Circle of Health International
- Founded: 2004
- Founder: Sera Bonds
- Type: Non-governmental organization
- Focus: Maternal and neonatal health
- Location: United States
- Areas Served: Sri Lanka, Tibet, New Orleans, Sudan, Tanzania, Afghanistan, Israel, Haiti, Syria, Texas, Oklahoma, Jordan, Philippines, Nicaragua, Nepal, Sierra Leone, Turkey
- Method: Providing quality healthcare to communities by partnering with local organizations
- Website: cohintl.org

= Circle of Health International =

US-based non-governmental organization

Circle of Health International
| Founded | 2004 |
| Founder | Sera Bonds |
| Type | Non-governmental organization |
| Focus | Maternal and neonatal health |
| Location | United States |
| Areas Served | Sri Lanka, Tibet, New Orleans, Sudan, Tanzania, Afghanistan, Israel, Haiti, Syria, Texas, Oklahoma, Jordan, Philippines, Nicaragua, Nepal, Sierra Leone, Turkey |
| Method | Providing quality healthcare to communities by partnering with local organizations |
| Website | cohintl.org |

Circle of Health International (COHI) is a US-based non-governmental organization founded in 2004, with the mission to work with vulnerable women, children, and refugees during times of disaster through comprehensive women's health worldwide. They cooperate with organizations to help vulnerable women with a community-based approach during times of crisis. COHI has worked with midwives and public health professionals in countries like the United States, Sri Lanka, Louisiana, Tibet, Tanzania, Israel, the Philippines, Palestine, Jordan, Syria, Nicaragua, Sudan, Haiti, Afghanistan, and many more.

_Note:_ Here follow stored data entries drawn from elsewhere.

lemma periodic_subshift_shiftZ_closed:
  assumes "periodic_subshift p X'" and "x' \<in> X'"
  shows "shiftZ d x' \<in> X'"
  using assms unfolding periodic_subshift_def by (auto simp: shiftZ_shiftZ)

lemma periodic_subshift_shiftZ_period:
  assumes "periodic_subshift p X'" and "x' \<in> X'" and "p dvd L"
  shows "shiftZ (int L) x' = x'"
proof -
  obtain y j where y: "\<And>n. y (n + int p) = y n" and x': "x' = shiftZ j y"
    using assms(1,2) unfolding periodic_subshift_def by blast
  have "y (n + int (p * q)) = y n" for n q
  proof (induction q)
    case (Suc q)
    then show ?case using y[of "n + int (p * q)"] by (simp add: algebra_simps)
  qed simp
  then show ?thesis
    using assms(3) by (auto simp: x' shiftZ_def fun_eq_iff elim!: dvdE) (metis add.assoc add.commute)
qed

section \<open>The ergodic argument\<close>

lemma measure_preserving_covariant_measure_eq:
  fixes A :: "int \<Rightarrow> 'a set"
  assumes "measure_preserving_map M T" and "\<And>j. A j \<in> sets M"
    and cov: "\<And>j. T -` A j \<inter> space M = A (j + 1)"
  shows "measure M (A j) = measure M (A 0)"
proof -
  have step: "measure M (A (i + 1)) = measure M (A i)" for i
    using assms(1,2) cov[of i] unfolding measure_preserving_map_def measure_def by metis
  show ?thesis
  proof (induction j rule: int_induct[where k = 0])
    case (step2 i)
    then show ?case using step[of "i - 1"] by simp
  qed (simp_all add: step)
qed

lemma measure_covariant_cover_ge:
  fixes A :: "int \<Rightarrow> 'a set"
  assumes "prob_space M" "measure_preserving_map M T" and "\<And>j. A j \<in> sets M"
    and "\<And>j. T -` A j \<inter> space M = A (j + 1)"
    and "finite J" and cover: "space M \<subseteq> (\<Union>j\<in>J. A j)"
  shows "1 \<le> card J * measure M (A 0)"
proof -
  interpret prob_space M by fact
  have "1 = measure M (space M)" by (simp add: prob_space)
  also have "\<dots> \<le> measure M (\<Union>j\<in>J. A j)"
    using cover assms(3,5) by (intro finite_measure_mono) auto
  also have "\<dots> \<le> (\<Sum>j\<in>J. measure M (A j))"
    using assms(3,5) by (intro finite_measure_subadditive_finite) auto
  also have "\<dots> = (\<Sum>j\<in>J. measure M (A 0))"
    using measure_preserving_covariant_measure_eq[of M T A, OF assms(2-4)] by (intro sum.cong) auto
  also have "\<dots> = card J * measure M (A 0)" by simp
  finally show ?thesis .
qed

lemma (in finite_measure) measure_limsup_ge:
  fixes A :: "nat \<Rightarrow> 'a set"
  assumes sets: "\<And>n. A n \<in> sets M" and "\<exists>\<^sub>\<infinity>n. c \<le> measure M (A n)"
  shows "c \<le> measure M (\<Inter>m. \<Union>n\<in>{m..}. A n)"
proof (rule LIMSEQ_le_const[OF finite_Lim_measure_decseq[of "\<lambda>m. \<Union>n\<in>{m..}. A n"]])
  have tail: "(\<Union>n\<in>{m..}. A n) \<in> sets M" for m
    using sets by (intro sets.countable_UN) auto
  then show "range (\<lambda>m. \<Union>n\<in>{m..}. A n) \<subseteq> sets M" by blast
  show "decseq (\<lambda>m. \<Union>n\<in>{m..}. A n)"
    unfolding decseq_def by (intro allI impI UN_mono) simp_all
  show "\<exists>N. \<forall>m\<ge>N. c \<le> measure M (\<Union>n\<in>{m..}. A n)"
  proof (intro exI allI impI)
    fix m
    obtain n where "m \<le> n" and "c \<le> measure M (A n)"
      using assms(2) unfolding INFM_nat_le by blast
    moreover have "measure M (A n) \<le> measure M (\<Union>n\<in>{m..}. A n)"
      using \<open>m \<le> n\<close> tail by (intro finite_measure_mono) auto
    ultimately show "c \<le> measure M (\<Union>n\<in>{m..}. A n)" by linarith
  qed
qed

lemma ergodic_AE_in_invariant:
  assumes "ergodic M T" and "G \<in> sets M" and "T -` G \<inter> space M = G" and "0 < measure M G"
  shows "AE \<omega> in M. \<omega> \<in> G"
proof -
  interpret prob_space M using assms(1) by (simp add: ergodic_def)
  have "emeasure M G = 0 \<or> emeasure M G = 1" using assms(1-3) unfolding ergodic_def by blast
  then have "measure M G = 1" using assms(4) by (auto simp: measure_def)
  then show ?thesis using AE_in_set_eq_1[OF assms(2)] by simp
qed
lemma finite_gap_above:
  fixes S :: "'a::linorder set"
  assumes "finite S" "x < t"
  obtains \<tau> where "x < \<tau>" "\<tau> \<le> t" "\<And>y. y \<in> S \<Longrightarrow> y < \<tau> \<Longrightarrow> y \<le> x"
proof
  let ?\<tau> = "Min (insert t {y \<in> S. x < y})"
  have fin: "finite (insert t {y \<in> S. x < y})" using assms(1) by simp
  show "x < ?\<tau>" using fin assms(2) by simp
  show "?\<tau> \<le> t" using fin by simp
  show "y \<le> x" if "y \<in> S" "y < ?\<tau>" for y
  proof (rule ccontr)
    assume "\<not> y \<le> x"
    have "?\<tau> \<le> y" by (rule Min_le[OF fin]) (use that(1) \<open>\<not> y \<le> x\<close> in auto)
    then show False using that(2) by simp
  qed
qed

lemma mono_sublevel_subset_lessThan:
  fixes f :: "nat \<Rightarrow> 'a::order"
  assumes "mono f" "finite {p. f p \<le> x}"
  shows "{p. f p \<le> x} \<subseteq> {..<card {p. f p \<le> x}}"
proof
  fix p assume "p \<in> {p. f p \<le> x}"
  then have "{..p} \<subseteq> {p. f p \<le> x}" using monoD[OF assms(1)] by (auto intro: order_trans)
  then have "card {..p} \<le> card {p. f p \<le> x}" using assms(2) by (rule card_mono[rotated])
  then show "p \<in> {..<card {p. f p \<le> x}}" by simp
qed

lemma bandwidth_share_arith:
  fixes wi wj cI cJ :: nat and lI lJ DI DJ :: real
  assumes pos: "0 < wi" "0 < wj" "0 < lI" "0 < lJ"
    and count: "wi * cJ \<le> wi * wj + wj * cI"
    and DJ: "DJ \<le> cJ * lJ" and DI: "cI * lI \<le> DI"
  shows "pos_part (DJ - wj * lJ) / (wj * lJ) \<le> DI / (wi * lI)"
proof -
  have "real wi * cJ \<le> wi * wj + wj * cI" using count by (metis of_nat_add of_nat_le_iff of_nat_mult)
  then have "cJ - real wj \<le> wj * cI / wi" using pos by (simp add: field_simps)
  then have "(cJ - real wj) * lJ \<le> (wj * cI / wi) * lJ"
    using pos by (intro mult_right_mono) auto
  then have "DJ - wj * lJ \<le> (wj * cI / wi) * lJ"
    using DJ by (simp add: algebra_simps)
  then have "pos_part (DJ - wj * lJ) \<le> (wj * cI / wi) * lJ"
    using pos by (simp add: pos_part_def)
  then have "pos_part (DJ - wj * lJ) / (wj * lJ) \<le> cI / wi"
    using pos by (simp add: divide_simps mult.commute mult.left_commute)
  also have "\<dots> \<le> DI / (wi * lI)"
    using DI pos by (simp add: divide_simps mult.commute)
  finally show ?thesis .
qed

lemma length_filter_iwrr_round:
  assumes "k < n" "\<forall>k<n. 0 < w k"
  shows "length (filter ((=) k) (iwrr_round n w)) = w k"
proof -
  define M where "M = Max (w ` {..<n})"
  have "w k \<le> M" unfolding M_def using assms by auto
  then have cycles: "{1..<Suc M} \<inter> {c. c \<le> w k} = {1..w k}" by auto
  have per_cycle: "length (filter ((=) k) (filter (\<lambda>x. c \<le> w x) [0..<n]))
                   = (if c \<le> w k then 1 else 0)" for c
  proof -
    have "length (filter (\<lambda>x. c \<le> w x \<and> k = x) [0..<n])
          = card ({x. c \<le> w x \<and> k = x} \<inter> set [0..<n])"
      by (rule distinct_length_filter) simp
    also have "{x. c \<le> w x \<and> k = x} \<inter> set [0..<n] = (if c \<le> w k then {k} else {})"
      using assms by auto
    finally show ?thesis by (simp add: filter_filter)
  qed
  have "length (filter ((=) k) (iwrr_round n w))
        = (\<Sum>c\<leftarrow>[1..<Suc M]. length (filter ((=) k) (filter (\<lambda>x. c \<le> w x) [0..<n])))"
    unfolding iwrr_round_def M_def by (simp add: filter_concat length_concat comp_def)
  also have "\<dots> = (\<Sum>c\<in>{1..<Suc M}. if c \<le> w k then 1 else 0)"
    unfolding per_cycle by (simp add: sum_set_upt_conv_sum_list_nat[symmetric])
  also have "\<dots> = (\<Sum>c\<in>{1..<Suc M} \<inter> {c. c \<le> w k}. 1)"
    by (subst sum.inter_restrict) auto
  also have "\<dots> = w k" unfolding cycles by simp
  finally show ?thesis .
qed
locale null_vertex = superpotential_data +
  fixes cb :: "real^'n"
  assumes cb_vertex: "cb extreme_point_of convex hull C"
    and cb_null: "Jform d cb cb = 0"
    and cb_not_bar: "cb \<notin> bar d ` W"
begin

lemma cb_in_C: "cb \<in> C"
  using cb_vertex extreme_point_of_convex_hull by blast

lemma bar_W_above_vertex:
  assumes support: "\<And>x. x \<in> C \<Longrightarrow> x \<noteq> cb \<Longrightarrow> l \<bullet> cb < l \<bullet> x" and "u \<in> W"
  shows "l \<bullet> cb < l \<bullet> bar d u"
proof -
  obtain a b where ab: "a \<in> C" "b \<in> C" "a + b = d + u"
    using W_splits[OF \<open>u \<in> W\<close>] .
  have "\<not> (a = cb \<and> b = cb)"
  proof
    assume "a = cb \<and> b = cb"
    then have "bar d u = cb" using ab(3) unfolding bar_def by (metis scaleR_2 scaleR_half_double)
    then show False using cb_not_bar \<open>u \<in> W\<close> by blast
  qed
  then have "l \<bullet> cb < l \<bullet> a \<or> l \<bullet> cb < l \<bullet> b" and "l \<bullet> cb \<le> l \<bullet> a" "l \<bullet> cb \<le> l \<bullet> b"
    using support ab(1,2) by (metis order.strict_implies_order order_refl)+
  moreover have "l \<bullet> bar d u = (l \<bullet> a + l \<bullet> b) / 2"
    unfolding bar_def ab(3)[symmetric] by (simp add: inner_add_right)
  ultimately show ?thesis by argo
qed

lemma affine_nonneg_on_C:
  assumes nonneg_W: "\<And>u. u \<in> W \<Longrightarrow> 0 \<le> l \<bullet> bar d u + k" and vertex: "l \<bullet> cb + k = 0"
    and "x \<in> C"
  shows "0 \<le> l \<bullet> x + k"
proof (rule ccontr)
  assume neg: "\<not> 0 \<le> l \<bullet> x + k"
  obtain l0 where l0: "\<And>y. y \<in> C \<Longrightarrow> y \<noteq> cb \<Longrightarrow> l0 \<bullet> cb < l0 \<bullet> y"
    using extreme_point_strict_support[OF finite_C cb_vertex] by blast
  define la where "la y = l0 \<bullet> y - l0 \<bullet> cb" for y
  define mu where "mu y = l \<bullet> y + k" for y
  have la_nonneg: "0 \<le> la y" if "y \<in> C" for y
    using l0[OF that] unfolding la_def by (cases "y = cb") auto
  have la_pos: "0 < la y" if "y \<in> C" "mu y < 0" for y
    using l0[OF that(1)] that(2) vertex unfolding la_def mu_def by force
  obtain s y where s: "0 < s" "s < 1"
    and nu_nonneg: "\<And>z. z \<in> C \<Longrightarrow> 0 \<le> (1 - s) * la z + s * mu z"
    and y: "y \<in> C" "mu y < 0" "(1 - s) * la y + s * mu y = 0"
    by (rule first_touching_combination[OF finite_C la_nonneg la_pos \<open>x \<in> C\<close>])
      (use neg in \<open>auto simp: mu_def\<close>)
  define L where "L = (1 - s) *\<^sub>R l0 + s *\<^sub>R l"
  define K where "K = s * k - (1 - s) * (l0 \<bullet> cb)"
  have nu: "(1 - s) * la z + s * mu z = L \<bullet> z + K" for z
    unfolding la_def mu_def L_def K_def by (simp add: inner_add_left algebra_simps)
  have "cb = y"
  proof (rule functional_zeros_subsingleton[of L K])
    show "0 \<le> L \<bullet> z + K" if "z \<in> C" for z
      using nu_nonneg[OF that] unfolding nu .
    show "0 < L \<bullet> bar d u + K" if "u \<in> W" for u
    proof -
      have "0 < la (bar d u)" using bar_W_above_vertex[OF l0 that] unfolding la_def by simp
      moreover have "0 \<le> mu (bar d u)" using nonneg_W[OF that] unfolding mu_def .
      ultimately have "0 < (1 - s) * la (bar d u) + s * mu (bar d u)"
        using s by (simp add: add_pos_nonneg)
      then show ?thesis unfolding nu .
    qed
    show "cb \<in> C" "L \<bullet> cb + K = 0"
      using cb_in_C vertex nu[of cb] unfolding la_def mu_def by auto
    show "y \<in> C" "L \<bullet> y + K = 0"
      using y(1,3) unfolding nu by auto
  qed
  then show False using y(2) vertex unfolding mu_def by simp
qed

(* Adding a large multiple of l to m makes it nonnegative on bar d ` W. *)
lemma nonneg_along_zero_set:
  assumes nonneg_W: "\<And>u. u \<in> W \<Longrightarrow> 0 \<le> l \<bullet> bar d u + k" and vertex: "l \<bullet> cb + k = 0"
    and flat: "\<And>u. u \<in> W \<Longrightarrow> l \<bullet> bar d u + k = 0 \<Longrightarrow> m \<bullet> (bar d u - cb) = 0"
    and "x \<in> C" "l \<bullet> x + k = 0"
  shows "0 \<le> m \<bullet> (x - cb)"
proof -
  define M where "M = (\<Sum>u\<in>W. \<bar>m \<bullet> (bar d u - cb)\<bar> / (l \<bullet> bar d u + k))"
  have shift: "(m + M *\<^sub>R l) \<bullet> z + (M * k - m \<bullet> cb) = m \<bullet> (z - cb) + M * (l \<bullet> z + k)" for z
    by (simp add: inner_add_left inner_diff_right algebra_simps)
  have "0 \<le> (m + M *\<^sub>R l) \<bullet> x + (M * k - m \<bullet> cb)"
  proof (rule affine_nonneg_on_C[OF _ _ \<open>x \<in> C\<close>])
    show "0 \<le> (m + M *\<^sub>R l) \<bullet> bar d u + (M * k - m \<bullet> cb)" if "u \<in> W" for u
    proof (cases "l \<bullet> bar d u + k = 0")
      case True
      then show ?thesis using flat[OF that] unfolding shift by simp
    next
      case False
      then have pos: "0 < l \<bullet> bar d u + k" using nonneg_W[OF that] by simp
      have "\<bar>m \<bullet> (bar d u - cb)\<bar> / (l \<bullet> bar d u + k) \<le> M"
        unfolding M_def by (rule member_le_sum) (use that finite_W nonneg_W in auto)
      then have "\<bar>m \<bullet> (bar d u - cb)\<bar> \<le> M * (l \<bullet> bar d u + k)"
        using pos by (simp add: divide_le_eq)
      then show ?thesis unfolding shift by linarith
    qed
    show "(m + M *\<^sub>R l) \<bullet> cb + (M * k - m \<bullet> cb) = 0"
      unfolding shift vertex by simp
  qed
  then show ?thesis using \<open>l \<bullet> x + k = 0\<close> unfolding shift by simp
qed

lemma zero_set_on_line:
  assumes nonneg_W: "\<And>u. u \<in> W \<Longrightarrow> 0 \<le> l \<bullet> bar d u + k" and vertex: "l \<bullet> cb + k = 0"
    and on_line: "\<And>u. u \<in> W \<Longrightarrow> l \<bullet> bar d u + k = 0 \<Longrightarrow> \<exists>t. bar d u = cb + t *\<^sub>R \<delta>"
    and "x \<in> C" "l \<bullet> x + k = 0"
  shows "\<exists>t. x = cb + t *\<^sub>R \<delta>"
proof -
  define t where "t = ((x - cb) \<bullet> \<delta>) / (\<delta> \<bullet> \<delta>)"
  define e where "e = x - cb - t *\<^sub>R \<delta>"
  have e_perp: "e \<bullet> \<delta> = 0"
    unfolding e_def t_def by (cases "\<delta> = 0") (simp_all add: inner_diff_left)
  have flat: "n \<bullet> (bar d u - cb) = 0" if "n \<bullet> \<delta> = 0" "u \<in> W" "l \<bullet> bar d u + k = 0" for n u
    using on_line[OF that(2,3)] that(1) by auto
  have "0 \<le> e \<bullet> (x - cb)"
    by (rule nonneg_along_zero_set[OF nonneg_W vertex flat[OF e_perp] \<open>x \<in> C\<close> \<open>l \<bullet> x + k = 0\<close>])
  moreover have "0 \<le> (- e) \<bullet> (x - cb)"
  proof -
    have "(- e) \<bullet> \<delta> = 0" using e_perp by simp
    from nonneg_along_zero_set[OF nonneg_W vertex flat[OF this] \<open>x \<in> C\<close> \<open>l \<bullet> x + k = 0\<close>]
    show ?thesis .
  qed
  ultimately have "e \<bullet> (x - cb) = 0" by simp
  moreover have "e \<bullet> e = e \<bullet> (x - cb)"
    using e_perp unfolding e_def by (simp add: inner_diff_right)
  ultimately have "e = 0" by simp
  then have "x = cb + t *\<^sub>R \<delta>" unfolding e_def by (simp add: algebra_simps)
  then show ?thesis ..
qed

In response to humanitarian crises and natural disasters, COHI collaborates with local women leaders, midwives, and community-based organizations to deliver maternal and newborn healthcare, medical supplies, and reproductive health services.

==Activities==
In 2016, COHI partnered with the American Refugee Committee to provide maternal and child healthcare in Haiti, midwives in Indigenous women's forum in Nicaragua, midwifery students and sexual health advocates in Nepal, a clinic for refugees in Rio Grand Valley on the Mexico/US border. COHI assists with human trafficking globally.

==Affiliation==
COHI is affiliated with organizations including Catholic Charities, Boston University, Harvard, The American Refugee Committee, and the American Israel Political Action Committee AIPAC. COHI is also engaged in the social enterprise community program, known as the COHI Cloth Network, to address women's poverty.

==Missions==
- Tibet
In 2004, COHI partnered with a local host organization, Tibetan Healing Fund, in Tongren, also known as Repkong, Eastern Tibet to aid with the training of midwives to create a more sustainable maternal health care system.

- Israel/West Bank
In 2004, COHI and their partners worked with Israeli and Palestinian women to address midwifery and Gender Based Violence (GBV). Conducted an assessment based on three main categories.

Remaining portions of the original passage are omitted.